[Collected data]
---------------

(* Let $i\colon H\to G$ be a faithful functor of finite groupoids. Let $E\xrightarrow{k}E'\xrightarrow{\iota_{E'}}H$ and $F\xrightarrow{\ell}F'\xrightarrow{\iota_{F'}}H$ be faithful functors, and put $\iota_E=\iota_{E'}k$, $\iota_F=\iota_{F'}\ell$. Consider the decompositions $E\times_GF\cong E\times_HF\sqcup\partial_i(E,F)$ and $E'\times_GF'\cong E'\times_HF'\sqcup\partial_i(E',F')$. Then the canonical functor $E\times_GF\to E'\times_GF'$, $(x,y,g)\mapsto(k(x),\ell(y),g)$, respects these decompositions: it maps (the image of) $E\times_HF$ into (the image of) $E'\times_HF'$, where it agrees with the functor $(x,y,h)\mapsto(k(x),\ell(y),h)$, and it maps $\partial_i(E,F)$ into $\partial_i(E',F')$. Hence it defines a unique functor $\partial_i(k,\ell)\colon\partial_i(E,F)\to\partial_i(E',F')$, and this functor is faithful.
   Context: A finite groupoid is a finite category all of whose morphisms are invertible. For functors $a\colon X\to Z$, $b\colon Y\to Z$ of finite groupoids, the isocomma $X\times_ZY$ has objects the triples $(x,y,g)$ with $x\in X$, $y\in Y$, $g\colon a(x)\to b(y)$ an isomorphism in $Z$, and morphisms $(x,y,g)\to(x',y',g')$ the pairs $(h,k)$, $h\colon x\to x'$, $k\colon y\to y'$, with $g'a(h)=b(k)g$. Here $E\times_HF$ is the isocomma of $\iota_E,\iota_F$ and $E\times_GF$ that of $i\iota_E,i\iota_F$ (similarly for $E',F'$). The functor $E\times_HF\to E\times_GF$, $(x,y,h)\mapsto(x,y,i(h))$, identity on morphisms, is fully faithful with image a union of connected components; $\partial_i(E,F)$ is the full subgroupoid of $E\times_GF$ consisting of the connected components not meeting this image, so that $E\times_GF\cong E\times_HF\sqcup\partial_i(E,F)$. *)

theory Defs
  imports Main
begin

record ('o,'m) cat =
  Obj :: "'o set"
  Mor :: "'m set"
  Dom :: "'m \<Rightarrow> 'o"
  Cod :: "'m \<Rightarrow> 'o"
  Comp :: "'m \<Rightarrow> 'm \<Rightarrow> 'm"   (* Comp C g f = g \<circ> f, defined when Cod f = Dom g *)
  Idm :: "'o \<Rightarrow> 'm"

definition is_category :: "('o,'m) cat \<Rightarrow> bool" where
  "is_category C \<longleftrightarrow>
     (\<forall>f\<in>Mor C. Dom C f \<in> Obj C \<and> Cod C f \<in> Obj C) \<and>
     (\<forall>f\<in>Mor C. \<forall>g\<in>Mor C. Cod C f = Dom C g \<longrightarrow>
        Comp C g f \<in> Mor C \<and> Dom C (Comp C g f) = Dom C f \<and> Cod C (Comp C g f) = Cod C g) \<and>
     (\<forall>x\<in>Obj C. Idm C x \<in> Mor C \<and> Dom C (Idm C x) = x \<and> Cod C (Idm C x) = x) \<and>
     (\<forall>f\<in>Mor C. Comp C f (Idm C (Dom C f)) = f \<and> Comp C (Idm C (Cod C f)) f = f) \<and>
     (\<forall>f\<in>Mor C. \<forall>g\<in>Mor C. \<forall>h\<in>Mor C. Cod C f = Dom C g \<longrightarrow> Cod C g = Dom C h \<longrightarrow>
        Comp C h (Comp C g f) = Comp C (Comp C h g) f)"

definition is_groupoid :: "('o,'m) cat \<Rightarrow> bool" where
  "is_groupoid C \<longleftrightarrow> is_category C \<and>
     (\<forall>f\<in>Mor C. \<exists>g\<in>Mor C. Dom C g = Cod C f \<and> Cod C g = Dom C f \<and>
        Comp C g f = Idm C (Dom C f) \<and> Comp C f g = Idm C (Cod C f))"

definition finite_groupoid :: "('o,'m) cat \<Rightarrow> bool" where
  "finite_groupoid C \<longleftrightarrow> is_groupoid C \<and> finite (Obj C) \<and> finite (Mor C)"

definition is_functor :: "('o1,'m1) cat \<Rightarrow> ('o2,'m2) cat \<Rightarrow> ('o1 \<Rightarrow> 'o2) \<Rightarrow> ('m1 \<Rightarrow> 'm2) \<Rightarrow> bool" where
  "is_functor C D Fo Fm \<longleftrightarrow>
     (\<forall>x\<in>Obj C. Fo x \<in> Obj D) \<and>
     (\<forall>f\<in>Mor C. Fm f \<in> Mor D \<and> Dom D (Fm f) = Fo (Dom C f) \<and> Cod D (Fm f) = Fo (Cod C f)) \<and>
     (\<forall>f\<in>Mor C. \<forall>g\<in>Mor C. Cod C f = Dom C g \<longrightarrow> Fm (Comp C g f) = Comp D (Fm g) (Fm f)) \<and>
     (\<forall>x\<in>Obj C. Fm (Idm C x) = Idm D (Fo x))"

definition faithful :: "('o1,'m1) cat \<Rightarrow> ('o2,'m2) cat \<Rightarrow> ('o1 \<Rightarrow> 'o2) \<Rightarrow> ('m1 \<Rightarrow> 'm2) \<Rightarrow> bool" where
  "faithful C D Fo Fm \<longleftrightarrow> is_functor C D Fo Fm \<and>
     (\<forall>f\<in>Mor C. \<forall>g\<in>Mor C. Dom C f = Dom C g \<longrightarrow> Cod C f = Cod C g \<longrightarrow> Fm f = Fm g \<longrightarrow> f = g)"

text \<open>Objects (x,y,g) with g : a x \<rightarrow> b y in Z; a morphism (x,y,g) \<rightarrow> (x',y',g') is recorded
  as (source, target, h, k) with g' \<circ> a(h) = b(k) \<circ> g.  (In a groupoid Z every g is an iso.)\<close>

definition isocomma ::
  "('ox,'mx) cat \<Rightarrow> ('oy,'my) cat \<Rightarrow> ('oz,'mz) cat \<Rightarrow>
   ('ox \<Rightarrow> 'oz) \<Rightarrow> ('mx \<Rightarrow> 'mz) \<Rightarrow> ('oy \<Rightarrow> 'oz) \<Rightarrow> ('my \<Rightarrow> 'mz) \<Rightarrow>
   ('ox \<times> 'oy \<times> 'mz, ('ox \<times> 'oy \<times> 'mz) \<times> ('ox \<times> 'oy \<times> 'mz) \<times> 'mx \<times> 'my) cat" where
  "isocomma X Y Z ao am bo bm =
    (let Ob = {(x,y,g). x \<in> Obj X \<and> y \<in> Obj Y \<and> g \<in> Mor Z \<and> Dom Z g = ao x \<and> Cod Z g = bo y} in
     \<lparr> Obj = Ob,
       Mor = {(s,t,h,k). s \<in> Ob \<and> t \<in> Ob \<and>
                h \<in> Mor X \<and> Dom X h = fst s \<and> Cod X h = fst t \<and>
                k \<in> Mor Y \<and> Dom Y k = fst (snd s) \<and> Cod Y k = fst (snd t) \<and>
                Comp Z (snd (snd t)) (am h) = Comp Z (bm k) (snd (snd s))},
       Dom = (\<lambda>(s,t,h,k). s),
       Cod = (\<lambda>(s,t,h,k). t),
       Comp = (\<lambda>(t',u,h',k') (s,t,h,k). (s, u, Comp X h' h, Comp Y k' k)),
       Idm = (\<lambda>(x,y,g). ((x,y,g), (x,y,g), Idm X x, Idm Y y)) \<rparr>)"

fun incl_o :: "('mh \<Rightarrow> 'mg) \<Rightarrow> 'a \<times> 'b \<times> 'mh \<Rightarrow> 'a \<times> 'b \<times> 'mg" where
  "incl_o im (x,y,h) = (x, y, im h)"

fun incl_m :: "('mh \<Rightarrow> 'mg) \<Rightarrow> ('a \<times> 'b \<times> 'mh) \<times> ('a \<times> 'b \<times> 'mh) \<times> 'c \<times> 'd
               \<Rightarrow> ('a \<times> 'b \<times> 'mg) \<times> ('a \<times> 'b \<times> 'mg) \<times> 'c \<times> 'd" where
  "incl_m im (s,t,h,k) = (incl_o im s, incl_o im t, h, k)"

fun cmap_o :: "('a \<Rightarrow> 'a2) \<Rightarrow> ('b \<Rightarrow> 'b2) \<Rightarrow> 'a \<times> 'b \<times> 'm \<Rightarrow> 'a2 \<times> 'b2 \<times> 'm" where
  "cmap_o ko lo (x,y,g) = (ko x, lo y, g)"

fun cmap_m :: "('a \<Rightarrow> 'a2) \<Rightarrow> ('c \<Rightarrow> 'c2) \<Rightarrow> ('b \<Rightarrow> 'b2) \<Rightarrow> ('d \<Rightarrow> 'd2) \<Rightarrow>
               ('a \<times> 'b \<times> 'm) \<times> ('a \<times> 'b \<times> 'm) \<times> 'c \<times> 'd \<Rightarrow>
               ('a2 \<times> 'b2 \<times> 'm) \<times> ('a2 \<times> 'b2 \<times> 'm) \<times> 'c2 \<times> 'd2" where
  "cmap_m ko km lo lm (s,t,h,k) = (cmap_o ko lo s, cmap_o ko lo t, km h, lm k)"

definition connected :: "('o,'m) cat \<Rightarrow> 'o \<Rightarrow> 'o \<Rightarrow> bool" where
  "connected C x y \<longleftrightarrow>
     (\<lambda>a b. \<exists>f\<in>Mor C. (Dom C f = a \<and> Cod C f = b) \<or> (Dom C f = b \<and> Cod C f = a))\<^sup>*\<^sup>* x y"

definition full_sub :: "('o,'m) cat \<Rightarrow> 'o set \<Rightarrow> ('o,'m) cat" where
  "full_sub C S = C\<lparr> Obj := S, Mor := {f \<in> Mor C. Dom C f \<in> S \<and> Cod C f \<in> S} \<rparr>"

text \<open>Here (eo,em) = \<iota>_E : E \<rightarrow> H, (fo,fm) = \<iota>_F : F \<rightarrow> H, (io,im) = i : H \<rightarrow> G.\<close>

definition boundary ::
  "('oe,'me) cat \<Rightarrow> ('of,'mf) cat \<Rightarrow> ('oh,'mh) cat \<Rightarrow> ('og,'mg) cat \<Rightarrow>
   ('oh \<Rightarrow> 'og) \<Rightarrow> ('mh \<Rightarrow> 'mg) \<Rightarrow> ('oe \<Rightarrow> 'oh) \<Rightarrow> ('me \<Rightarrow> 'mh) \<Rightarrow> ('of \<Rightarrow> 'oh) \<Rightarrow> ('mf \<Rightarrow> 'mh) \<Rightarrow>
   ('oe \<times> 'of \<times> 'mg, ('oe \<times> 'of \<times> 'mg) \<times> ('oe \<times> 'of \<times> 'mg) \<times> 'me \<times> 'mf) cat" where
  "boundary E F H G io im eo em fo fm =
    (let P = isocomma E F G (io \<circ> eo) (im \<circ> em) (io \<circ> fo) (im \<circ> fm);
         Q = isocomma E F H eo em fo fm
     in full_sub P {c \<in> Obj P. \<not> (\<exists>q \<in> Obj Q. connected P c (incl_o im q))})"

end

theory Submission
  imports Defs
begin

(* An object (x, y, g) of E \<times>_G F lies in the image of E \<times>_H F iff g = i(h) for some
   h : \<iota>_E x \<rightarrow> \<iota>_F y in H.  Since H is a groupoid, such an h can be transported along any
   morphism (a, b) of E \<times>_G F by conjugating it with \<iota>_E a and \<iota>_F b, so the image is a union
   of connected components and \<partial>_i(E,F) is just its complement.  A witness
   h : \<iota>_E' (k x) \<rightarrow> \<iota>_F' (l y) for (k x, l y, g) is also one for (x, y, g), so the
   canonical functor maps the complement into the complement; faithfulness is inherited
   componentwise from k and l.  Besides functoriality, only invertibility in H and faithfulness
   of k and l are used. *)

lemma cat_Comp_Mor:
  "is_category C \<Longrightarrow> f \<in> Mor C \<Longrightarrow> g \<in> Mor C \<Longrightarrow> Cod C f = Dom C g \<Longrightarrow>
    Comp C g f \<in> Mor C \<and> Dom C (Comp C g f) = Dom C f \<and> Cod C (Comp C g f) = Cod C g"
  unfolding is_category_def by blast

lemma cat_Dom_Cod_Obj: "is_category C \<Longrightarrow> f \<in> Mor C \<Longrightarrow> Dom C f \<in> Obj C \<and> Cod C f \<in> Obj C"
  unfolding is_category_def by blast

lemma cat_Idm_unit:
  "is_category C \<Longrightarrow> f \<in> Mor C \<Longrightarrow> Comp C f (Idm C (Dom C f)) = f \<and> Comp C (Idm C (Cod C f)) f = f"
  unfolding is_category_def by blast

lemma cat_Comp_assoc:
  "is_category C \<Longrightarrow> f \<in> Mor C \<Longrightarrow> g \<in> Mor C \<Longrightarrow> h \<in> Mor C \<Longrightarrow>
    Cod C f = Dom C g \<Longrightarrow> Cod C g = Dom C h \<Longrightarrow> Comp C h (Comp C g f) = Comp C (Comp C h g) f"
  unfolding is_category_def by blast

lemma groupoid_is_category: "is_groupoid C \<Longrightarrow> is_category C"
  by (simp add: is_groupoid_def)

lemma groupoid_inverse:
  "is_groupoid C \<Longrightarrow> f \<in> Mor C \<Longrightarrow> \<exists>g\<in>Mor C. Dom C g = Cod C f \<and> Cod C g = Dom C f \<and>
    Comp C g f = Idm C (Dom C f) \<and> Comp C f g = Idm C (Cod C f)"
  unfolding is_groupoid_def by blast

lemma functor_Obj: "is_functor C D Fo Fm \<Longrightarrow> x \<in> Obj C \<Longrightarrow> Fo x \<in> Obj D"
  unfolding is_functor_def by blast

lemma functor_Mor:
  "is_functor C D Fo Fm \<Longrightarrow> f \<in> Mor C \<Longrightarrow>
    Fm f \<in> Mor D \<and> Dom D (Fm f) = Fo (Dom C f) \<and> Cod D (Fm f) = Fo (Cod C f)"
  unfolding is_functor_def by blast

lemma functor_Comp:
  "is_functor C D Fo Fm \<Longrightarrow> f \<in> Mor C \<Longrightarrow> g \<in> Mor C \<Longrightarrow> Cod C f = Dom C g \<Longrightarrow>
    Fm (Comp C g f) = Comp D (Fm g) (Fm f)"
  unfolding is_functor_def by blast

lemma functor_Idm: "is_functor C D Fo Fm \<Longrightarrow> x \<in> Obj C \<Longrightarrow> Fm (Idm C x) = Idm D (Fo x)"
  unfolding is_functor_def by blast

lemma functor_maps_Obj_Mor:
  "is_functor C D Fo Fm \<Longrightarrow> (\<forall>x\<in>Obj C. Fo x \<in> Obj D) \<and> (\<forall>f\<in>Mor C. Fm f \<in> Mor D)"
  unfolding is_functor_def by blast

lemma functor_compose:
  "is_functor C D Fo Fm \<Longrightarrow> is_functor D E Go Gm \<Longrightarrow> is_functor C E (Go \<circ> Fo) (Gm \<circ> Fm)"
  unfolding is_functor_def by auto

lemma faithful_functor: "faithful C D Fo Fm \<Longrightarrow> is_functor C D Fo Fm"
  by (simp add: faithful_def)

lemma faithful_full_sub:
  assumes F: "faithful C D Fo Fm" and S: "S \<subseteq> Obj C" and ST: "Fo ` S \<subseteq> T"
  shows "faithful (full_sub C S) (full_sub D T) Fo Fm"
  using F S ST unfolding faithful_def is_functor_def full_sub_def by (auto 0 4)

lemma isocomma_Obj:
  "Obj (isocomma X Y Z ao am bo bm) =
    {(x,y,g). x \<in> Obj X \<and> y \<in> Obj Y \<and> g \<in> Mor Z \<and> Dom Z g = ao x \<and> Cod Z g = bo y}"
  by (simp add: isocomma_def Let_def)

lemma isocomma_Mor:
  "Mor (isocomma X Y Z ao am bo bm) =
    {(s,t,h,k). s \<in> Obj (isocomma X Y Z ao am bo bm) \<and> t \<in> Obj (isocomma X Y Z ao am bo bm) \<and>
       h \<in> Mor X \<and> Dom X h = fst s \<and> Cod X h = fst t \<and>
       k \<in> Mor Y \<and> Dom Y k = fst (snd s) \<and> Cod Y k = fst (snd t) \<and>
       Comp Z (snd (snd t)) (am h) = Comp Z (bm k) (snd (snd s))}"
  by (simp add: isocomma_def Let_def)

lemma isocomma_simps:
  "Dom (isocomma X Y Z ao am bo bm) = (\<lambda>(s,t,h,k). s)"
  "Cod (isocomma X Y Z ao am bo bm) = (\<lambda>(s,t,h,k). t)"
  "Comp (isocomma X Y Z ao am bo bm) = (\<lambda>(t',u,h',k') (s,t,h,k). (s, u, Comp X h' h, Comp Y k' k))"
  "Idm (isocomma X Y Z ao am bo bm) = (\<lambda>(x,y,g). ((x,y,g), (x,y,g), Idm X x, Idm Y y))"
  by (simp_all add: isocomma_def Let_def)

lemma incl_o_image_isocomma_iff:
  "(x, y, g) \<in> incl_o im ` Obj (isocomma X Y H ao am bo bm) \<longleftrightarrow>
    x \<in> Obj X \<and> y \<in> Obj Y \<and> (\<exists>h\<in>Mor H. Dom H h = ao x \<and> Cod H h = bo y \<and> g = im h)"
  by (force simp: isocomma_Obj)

---------------

Read the entries and pick out all lines that include the word "faithfulness".

   canonical functor maps the complement into the complement; faithfulness is inherited
   componentwise from k and l.  Besides functoriality, only invertibility in H and faithfulness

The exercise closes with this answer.